One of the lead researchers, Dr Guijun Bi, said, “Laser aided additive manufacturing (LAAM) technique, which is characterized by powder feeding, can tailor the content of chemical elements in real-time to realize in-situ alloying and has remarkable advantages in clarifying the alloying elements effect and developing customized alloys”.

The Ni element has a great tendency of enlarging compositional supercooling in titanium alloys, normally leading to severe macroscopic segregation in castings. The first author Dr Shang Sui explained, “the cooling rate in the LAAM process can reach 103-105 °C/s, significantly inhibiting the macroscopic elements segregation. Thus, the eutectoid element Ni, which is not desirable for the castings, may be appropriate for LAAM-processed titanium alloys via controlling its content.”

Dr Fei Weng illustrated, “Similar to Ni element, Cu is also a eutectoid element and is undesirable for cast titanium alloys. However, recent publication in Nature demonstrates that Cu addition can promote ultrafine grain formation and result in high strength in additively manufactured titanium alloys.”

Two powder hoppers were utilized to adjust the Ni content in the fabricated blocks. Dr Chaolin Tan further indicated, “such kind of process is also conducive to manufacturing heterostructured materials.”  

The underlying mechanisms for microstructural evolution and strength enhancement are investigated in detail. It is indicated by termination mass migration theory that the element diffusion between α and β phases is the main driving force for globularizing α phase. Additionally, a modified strengthening model was applied to quantitatively compute the yield strength. Quantitative analysis demonstrates that the strengthening effects of both the refined α lath phase and solid solutes dominate the contribution to overall yield strength of the LAAM-built Ti-6Al-4V-xNi (x=0, 1.1, 1.7, 2.5 wt. %) alloys.

Moreover, Ni is a β-stabilizing element, and will be enriched in the β phase. The large amount of solid-solution Ni atoms in the β phase increase its strength significantly while reducing the material deformability. Considering that the α phase and the β phase are arranged alternately in the titanium alloys, the deterioration of the deformability of the β phase limits the deformation of the α phase, resulting in the decrease in elongation.
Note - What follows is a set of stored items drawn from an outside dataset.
lemma mat2_power_Suc:
  fixes a b c d :: "'a :: comm_ring_1"
  assumes det: "a*d - b*c = 1"
  defines "U \<equiv> lucas_U (a + d)"
  shows "mat2 a b c d ^\<^sub>m Suc n =
    mat2 (U (Suc n) * a - U n) (U (Suc n) * b) (U (Suc n) * c) (U (Suc n) * d - U n)"
proof (induction n)
  case 0
  then show ?case by (simp add: U_def one_mat2 mat2_mult)
next
  case (Suc n)
  then show ?case
    unfolding pow_mat.simps(2)[of _ "Suc n"] Suc mat2_power_step[OF det] U_def by simp
qed

text \<open>For \<open>det M = 1\<close> one has \<open>det (M - 1) = 2 - trace M\<close>, and \<open>trace (N\<^sup>n) = V\<^sub>n(trace N)\<close>.\<close>

lemma eigenvalue_one_mat2_power_iff:
  fixes a b c d :: "'a :: field"
  assumes det: "a*d - b*c = 1"
  shows "eigenvalue (mat2 a b c d ^\<^sub>m Suc n) 1 \<longleftrightarrow> lucas_V (a + d) (Suc n) = 2"
proof -
  define U where "U = lucas_U (a + d)"
  define A B C D where "A = U (Suc n) * a - U n" and "B = U (Suc n) * b"
    and "C = U (Suc n) * c" and "D = U (Suc n) * d - U n"
  have pow: "mat2 a b c d ^\<^sub>m Suc n = mat2 A B C D"
    unfolding A_def B_def C_def D_def U_def by (rule mat2_power_Suc[OF det])
  have "A*D - B*C = det (mat2 a b c d ^\<^sub>m Suc n)"
    by (simp only: pow det_mat2)
  also have "\<dots> = 1"
    using det det_pow_mat[OF mat2_carrier, of a b c d "Suc n"] by (simp only: det_mat2 power_one)
  finally have "A*D - B*C = 1" .
  moreover have "A + D = lucas_V (a + d) (Suc n)"
    unfolding A_def D_def U_def lucas_V_Suc by (simp add: algebra_simps)
  ultimately have char: "(A - 1) * (D - 1) - B*C = 2 - lucas_V (a + d) (Suc n)"
    by (simp add: algebra_simps)
  have "eigenvalue (mat2 a b c d ^\<^sub>m Suc n) 1 \<longleftrightarrow> (A - 1) * (D - 1) - B*C = 0"
    by (simp only: pow eigenvalue_mat2_iff right_minus_eq)
  also have "\<dots> \<longleftrightarrow> lucas_V (a + d) (Suc n) = 2"
    unfolding char by simp
  finally show ?thesis .
qed
theorem proposition5p4:
  fixes s1 :: "'f::{field,finite} \<Rightarrow> 'a::ab_group_add \<Rightarrow> 'a"
    and s2 :: "'f \<Rightarrow> 'b::ab_group_add \<Rightarrow> 'b"
    and B1 :: "'a set" and B2 :: "'b set"
    and r1 :: "'a set \<Rightarrow> nat" and r2 :: "'b set \<Rightarrow> nat"
  assumes "finite_dimensional_vector_space s1 B1"
    and "finite_dimensional_vector_space s2 B2"
    and "qmatroid s1 r1" and "qmatroid s2 r2"
  shows "\<forall>V. module.subspace (prod_scale s1 s2) V \<longrightarrow>
     ds_rank s1 s2 r1 r2 V =
       int (vector_space.dim (prod_scale s1 s2) V) +
       Min ((\<lambda>X. ds_val s1 s2 r1 r2 X X) `
              ({{0}} \<union> {X \<in> ds_X s1 s2 r1 r2. X \<subseteq> V})) \<and>
     ds_rank s1 s2 r1 r2 V =
       int (vector_space.dim (prod_scale s1 s2) V) +
       Min ((\<lambda>X. ds_val s1 s2 r1 r2 X (X \<inter> V)) ` ds_T s1 s2) \<and>
     ds_rank s1 s2 r1 r2 V =
       int (vector_space.dim (prod_scale s1 s2) V) +
       Min ((\<lambda>X. ds_val s1 s2 r1 r2 X (X \<inter> V)) ` ds_TV s1 s2 V) \<and>
     (ds_rank s1 s2 r1 r2 V = int (vector_space.dim (prod_scale s1 s2) V) \<longleftrightarrow>
       \<not> (\<exists>X. X \<subseteq> V \<and> X \<in> ds_X s1 s2 r1 r2))"
proof -
  interpret qmatroid_direct_sum s1 s2 B1 B2 r1 r2
    using assms by (intro qmatroid_direct_sum.intro vector_space_pair.intro
        qmatroid_direct_sum_axioms.intro finite_dimensional_vector_space.axioms(1))
  have TV_subset_T: "ds_TV s1 s2 V \<subseteq> ds_T s1 s2" for V
    unfolding ds_TV_def ds_T_def by blast
  show ?thesis
    using ds_rank_eq_Min_ds_X ds_rank_eq_dim_iff
      ds_rank_eq_Min_products[OF _ TV_subset_T order_refl]
      ds_rank_eq_Min_products[OF _ order_refl TV_subset_T]
    by blast
qed

end
(* Consider the following controlled single-server queue. Packets arrive according to a Poisson process of rate $\lambda>0$ to a finite buffer of capacity $B\ge 2$ packets (including the packet currently being transmitted); packets arriving when the buffer is full are discarded. Packets are transmitted one at a time. Each transmission is carried out over one of two paths (operating points) $u\in\{a,b\}$: a transmission over path $u$ lasts an exponentially distributed time with rate $\mu_u$ (independent of everything else), and at its completion the packet is successfully delivered with probability $1-p_u$ and lost with probability $p_u$, where $0<\mu_a<\mu_b$ and $p_a<p_b$. A decision maker chooses the path for each transmission at the decision epochs, namely immediately after a transmission completion that leaves $n$ packets in the system, $n\in\{0,1,\ldots,B-1\}$ (if $n\ge 1$ the chosen transmission starts immediately; if $n=0$ it starts at the next arrival). Each successful delivery completed at time $\sigma$ yields reward $e^{-\gamma\sigma}$, where $\gamma>0$ is a discount rate, and the objective is to maximize the expected total discounted reward. Then this problem (formulated as a Markov decision process over the states at departures and arrivals) is solved by an optimal policy of threshold type: there exists a unique threshold $t$, $0\le t\le B$, such that the optimal policy transmits via path $a$ at all decision states with $n\le t$ and via path $b$ otherwise.
   Context: Path $a$ is the more reliable, lower-rate operating point and path $b$ the less reliable, higher-rate operating point of the physical layer. The state at a decision epoch is the number $n$ of packets left in the system after the last transmission completion. A policy assigns to each such state $n$ an action in $\{a,b\}$. *)

theory Defs
  imports "HOL-Analysis.Analysis"
begin
lemma rademacher_average_le:
  assumes "finite I" and "\<And>j i. j \<in> J \<Longrightarrow> i \<in> I \<Longrightarrow> \<bar>b j i\<bar> \<le> C"
    and "finite J" "J \<noteq> {}"
  shows "rademacher_average I J b \<le> real (card I) * C"
proof -
  have "Max ((\<lambda>j. \<bar>\<Sum>i\<in>I. sign_pattern E i * b j i\<bar>) ` J) \<le> real (card I) * C" for E
    using assms(2-4) by (intro Max_abs_sum_le) (auto simp: abs_mult sign_pattern_def)
  then have "(\<Sum>E\<in>Pow I. Max ((\<lambda>j. \<bar>\<Sum>i\<in>I. sign_pattern E i * b j i\<bar>) ` J))
               \<le> real (card (Pow I)) * (real (card I) * C)"
    by (intro sum_bounded_above)
  then show ?thesis
    unfolding rademacher_average_def using assms(1) by (simp add: card_Pow divide_le_eq mult.commute)
qed

lemma exp_mult_Max_abs_le:
  assumes "finite J" "J \<noteq> {}" "0 \<le> l"
  shows "exp (l * Max ((\<lambda>j. \<bar>f j :: real\<bar>) ` J)) \<le> (\<Sum>j\<in>J. exp (l * f j) + exp (- (l * f j)))"
proof -
  have "Max ((\<lambda>j. \<bar>f j\<bar>) ` J) \<in> (\<lambda>j. \<bar>f j\<bar>) ` J"
    using assms(1,2) by (intro Max_in) auto
  then obtain j where j: "j \<in> J" "Max ((\<lambda>j. \<bar>f j\<bar>) ` J) = \<bar>f j\<bar>"
    by auto
  have "exp (l * \<bar>f j\<bar>) \<le> exp (l * f j) + exp (- (l * f j))"
    by (cases "0 \<le> f j") (auto intro: add_increasing add_increasing2)
  also have "\<dots> \<le> (\<Sum>j\<in>J. exp (l * f j) + exp (- (l * f j)))"
    using assms(1) j(1) by (intro member_le_sum) (auto intro: add_nonneg_nonneg)
  finally show ?thesis
    using j(2) by simp
qed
Dr Youxiang Chew said, “These findings can accelerate the development of additively manufactured titanium alloys.”

About IJEM:

International Journal of Extreme Manufacturing (IF: 10.036) is a new multidisciplinary, double-anonymous peer-reviewed and fully open access journal uniquely covering the areas related to extreme manufacturing. The journal is devoted to publishing original articles and reviews of the highest quality and impact in the areas related to extreme manufacturing, ranging from fundamentals to process, measurement and systems, as well as materials, structures and devices with extreme functionalities.